lemma ps_eval_eqI: "conv_to av (\<lambda>n. \<Sum>i<n. a i * z ^ i) L \<Longrightarrow> ps_eval av a z = L"
  unfolding ps_eval_def using conv_unique by blast

lemma ultra_cauchy:
  assumes step: "\<And>n. av (s (Suc n) - s n) \<le> c ^ n * r" and "0 \<le> c" "c < 1" "0 \<le> r"
  shows "cauchy_av av s"
proof -
  have tail: "av (s (n + k) - s n) \<le> c ^ n * r" for n k
  proof (induction k)
    case (Suc k)
    have "c ^ (n + k) * r \<le> c ^ n * r"
      using assms by (intro mult_right_mono power_decreasing) auto
    then show ?case
      using av_triangle[of "s (Suc (n + k))" "s n" "s (n + k)"] step[of "n + k"] Suc by simp
  qed (simp add: assms)
  have "\<exists>N. \<forall>m\<ge>N. \<forall>n\<ge>N. av (s m - s n) < e" if "0 < e" for e
  proof -
    obtain N where N: "c ^ N * r < e"
    proof (cases "r = 0")
      case False
      then have "0 < e / r" using assms \<open>0 < e\<close> by simp
      then obtain N where "c ^ N < e / r" using real_arch_pow_inv assms by blast
      then show ?thesis using that False assms by (intro that[of N]) (simp add: pos_less_divide_eq)
    qed (use \<open>0 < e\<close> in auto)
    have "av (s m - s n) < e" if "n \<ge> N" "m \<ge> n" for m n
    proof -
      have "c ^ n * r \<le> c ^ N * r" using that assms by (intro mult_right_mono power_decreasing) auto
      then show ?thesis using tail[of n "m - n"] that N by simp
    qed
    then show ?thesis by (metis av_minus_commute nle_le order_trans)
  qed
  then show ?thesis unfolding cauchy_av_def by blast
qed

lemma is_ball_nonempty:
  assumes "is_ball av D" obtains c where "c \<in> D"
proof -
  obtain c r where "0 < r" "D = {x. av (x - c) < r} \<or> D = {x. av (x - c) \<le> r}"
    using assms unfolding is_ball_def by blast
  then show thesis using that[of c] by auto
qed

lemma is_ball_segment:
  assumes "is_ball av D" "z \<in> D" "w \<in> D" "av s \<le> 1"
  shows "z + s * (w - z) \<in> D"
proof -
  obtain c r where D: "D = {x. av (x - c) < r} \<or> D = {x. av (x - c) \<le> r}"
    using assms(1) unfolding is_ball_def by blast
  have "av (s * (w - z)) \<le> av (w - z)"
    using assms(4) by (simp add: av_mult mult_left_le_one_le)
  moreover have "av (w - z) \<le> max (av (w - c)) (av (z - c))"
    using av_triangle[of w z c] av_minus_commute[of c z] by simp
  ultimately have "av ((z - c) + s * (w - z)) \<le> max (av (z - c)) (av (w - c))"
    using av_ultra[of "z - c" "s * (w - z)"] by auto
  then show ?thesis using D assms(2,3) by (auto simp: algebra_simps)
qed

text \<open>The discs \<open>B\<^sub>0\<close> and \<open>B\<^sub>1\<close> are labelled 0 and 1; the label is meaningful only on their union.\<close>
definition piece :: "'a \<Rightarrow> nat" where
  "piece x = (if av x < 1 then 0 else 1)"

lemma piece_eq:
  assumes "av x < 1 \<or> av (x - 1) < 1" "av (x - y) < 1"
  shows "piece y = piece x"
proof -
  have "av y \<le> max (av (y - x)) (av x)" "av x \<le> max (av (x - y)) (av y)"
    "av (x - 1) \<le> max (av (x - y)) (av (y - 1))"
    using av_ultra[of "y - x" x] av_ultra[of "x - y" y] av_triangle[of x 1 y] by simp_all
  then show ?thesis using assms av_minus_commute[of x y] av_diff_le[of x "x - 1"]
    unfolding piece_def by auto
qed

lemma itinerary_piece:
  assumes "\<And>n. \<theta> n = piece ((f ^^ n) z)" "\<And>n. av ((f ^^ n) z) < 1 \<or> av ((f ^^ n) z - 1) < 1"
  shows "itinerary av f z \<theta>"
  unfolding itinerary_def assms(1) piece_def using assms(2) by auto

lemma funpow_approx:
  assumes orbit: "\<And>j. j < k \<Longrightarrow> av ((f ^^ j) x) \<le> 1"
    and lip: "\<And>u v. av u \<le> 1 \<Longrightarrow> av v \<le> 1 \<Longrightarrow> av (F u - F v) \<le> L * av (u - v)"
    and approx: "\<And>u. av u \<le> 1 \<Longrightarrow> av (f u - F u) \<le> \<tau>"
    and "av (x - y) \<le> e" "\<tau> \<le> e" "1 \<le> L" "L ^ k * e < 1"
  shows "av ((f ^^ k) x - (F ^^ k) y) \<le> L ^ k * e"
  using orbit \<open>L ^ k * e < 1\<close>
proof (induction k)
  case 0
  then show ?case using assms by simp
next
  case (Suc k)
  define a b where "a = (f ^^ k) x" and "b = (F ^^ k) y"
  have e: "0 \<le> e" using assms(4) av_nonneg order_trans by blast
  have "L ^ k * e \<le> L ^ Suc k * e"
    using e \<open>1 \<le> L\<close> by (intro mult_right_mono power_increasing) auto
  then have ab: "av (a - b) \<le> L ^ k * e" "L ^ k * e < 1"
    using Suc unfolding a_def b_def by auto
  have a: "av a \<le> 1" using Suc.prems(1)[of k] by (simp add: a_def)
  then have b: "av b \<le> 1"
    using ab av_ultra[of "b - a" a] av_minus_commute[of a b] by simp
  have "av (F a - F b) \<le> L ^ Suc k * e"
    using lip[OF a b] ab \<open>1 \<le> L\<close> by (simp add: order_trans mult_left_mono)
  moreover have "\<tau> \<le> L ^ Suc k * e"
    using \<open>\<tau> \<le> e\<close> mult_right_mono[OF one_le_power[OF \<open>1 \<le> L\<close>, of "Suc k"] e] by simp
  ultimately show ?case
    using approx[OF a] av_triangle[of "f a" "F b" "F a"] unfolding a_def b_def by simp
qed

lemma in_basin_imp_preperiodic:
  assumes labels: "\<And>n. \<theta> n = piece ((f ^^ n) z)"
    and basin: "z \<in> basin av rh f z0 k" and "0 < k" and z0: "z0 \<in> Kset av rh f"
    and K: "\<And>x. x \<in> Kset av rh f \<Longrightarrow> av x < 1 \<or> av (x - 1) < 1"
    and lip: "\<And>u v. av u \<le> 1 \<Longrightarrow> av v \<le> 1 \<Longrightarrow> av (f u - f v) \<le> L * av (u - v)"
    and "1 \<le> L"
  shows "preperiodic_seq \<theta>"
proof -
  have K1: "av x \<le> 1" if "x \<in> Kset av rh f" for x
    using K[OF that] av_ultra[of "x - 1" 1] by auto
  obtain m where "z \<in> Kset av rh f" and "conv_to av (\<lambda>n. (f ^^ (n * k + m)) z) z0"
    using basin unfolding basin_def by blast
  moreover have "0 < 1 / L ^ k" using \<open>1 \<le> L\<close> by simp
  ultimately obtain N where N: "\<forall>n\<ge>N. av ((f ^^ (n * k + m)) z - z0) < 1 / L ^ k"
    unfolding conv_to_def by blast
  have "\<theta> (n * k + m + j) = piece ((f ^^ j) z0)" if "N \<le> n" "j < k" for n j
  proof -
    define x where "x = (f ^^ (n * k + m)) z"
    have x: "x \<in> Kset av rh f" using Kset_funpow \<open>z \<in> Kset av rh f\<close> by (simp add: x_def)
    have "L ^ j * av (x - z0) \<le> L ^ k * av (x - z0)"
      using \<open>1 \<le> L\<close> \<open>j < k\<close> by (intro mult_right_mono power_increasing) auto
    also have "\<dots> < 1"
      using N[rule_format, OF \<open>N \<le> n\<close>] \<open>1 \<le> L\<close> by (simp add: x_def field_simps)
    finally have "av ((f ^^ j) x - (f ^^ j) z0) < 1"
      using funpow_approx[of j f x f L 0 z0 "av (x - z0)"] lip \<open>1 \<le> L\<close> K1 Kset_funpow[OF x]
      by fastforce
    then have "piece ((f ^^ j) x) = piece ((f ^^ j) z0)"
      using piece_eq[OF K[OF Kset_funpow[OF z0]]] av_minus_commute by metis
    then show ?thesis using labels[of "n * k + m + j"] by (simp add: x_def funpow_add_apply)
  qed
  then show ?thesis by (rule preperiodic_seqI_blocks[OF \<open>0 < k\<close>])
qed

lemma not_attracted_if_not_preperiodic:
  assumes labels: "\<And>z n. z \<in> D \<Longrightarrow> \<theta> n = piece ((f ^^ n) z)" and "\<not> preperiodic_seq \<theta>"
    and K: "\<And>x. x \<in> Kset av rh f \<Longrightarrow> av x < 1 \<or> av (x - 1) < 1"
    and lip: "\<And>u v. av u \<le> 1 \<Longrightarrow> av v \<le> 1 \<Longrightarrow> av (f u - f v) \<le> L * av (u - v)"
    and "1 \<le> L"
  shows "\<not> attracted av rh f D"
proof
  assume "attracted av rh f D"
  then obtain z z0 k where "z \<in> D" "z \<in> basin av rh f z0 k" "attracting_periodic av rh f z0 k"
    unfolding attracted_def by blast
  then have "preperiodic_seq \<theta>"
    using in_basin_imp_preperiodic[OF labels _ _ _ K lip \<open>1 \<le> L\<close>]
    unfolding attracting_periodic_def by blast
  with assms(2) show False ..
qed

lemma root_in_unit_disc:
  assumes root: "(\<Sum>i\<le>d. c i * s ^ i) = 0" and "c d \<noteq> 0"
    and dominant: "\<And>i. i < d \<Longrightarrow> av (c i) \<le> av (c d)"
  shows "av s \<le> 1"
proof (rule ccontr)
  assume "\<not> av s \<le> 1"
  then have s: "1 < av s" by simp
  have top: "0 < av (c d) * av s ^ d" using \<open>c d \<noteq> 0\<close> s by (simp add: av_pos)
  have "av (\<Sum>i<d. c i * s ^ i) < av (c d * s ^ d)"
  proof (rule av_sum_less)
    fix i assume "i \<in> {..<d}"
    then have "av (c i) * av s ^ i \<le> av (c d) * av s ^ i" using dominant[of i] s
      by (intro mult_right_mono) auto
    also have "\<dots> < av (c d) * av s ^ d" using \<open>i \<in> {..<d}\<close> s \<open>c d \<noteq> 0\<close>
      by (intro mult_strict_left_mono power_strict_increasing) (auto simp: av_pos)
    finally show "av (c i * s ^ i) < av (c d * s ^ d)" by (simp add: av_mult av_power)
  qed (use top in \<open>simp add: av_mult av_power\<close>)
  then have "av (c d * s ^ d + (\<Sum>i<d. c i * s ^ i)) = av (c d) * av s ^ d"
    by (simp add: av_add_dominant av_mult av_power)
  moreover have "c d * s ^ d + (\<Sum>i<d. c i * s ^ i) = 0"
    using root by (simp add: lessThan_Suc_atMost[symmetric] add.commute)
  ultimately show False using top by (metis av_0 less_irrefl)
qed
- - -
▶ [WORK ITEM]
Go through the records and gather the lines that hold "moreover".

▶ [RESULT OF THIS EXERCISE]
  moreover have "av (w - z) \<le> max (av (w - c)) (av (z - c))"
  moreover have "\<tau> \<le> L ^ Suc k * e"
  moreover have "0 < 1 / L ^ k" using \<open>1 \<le> L\<close> by simp
  moreover have "c d * s ^ d + (\<Sum>i<d. c i * s ^ i) = 0"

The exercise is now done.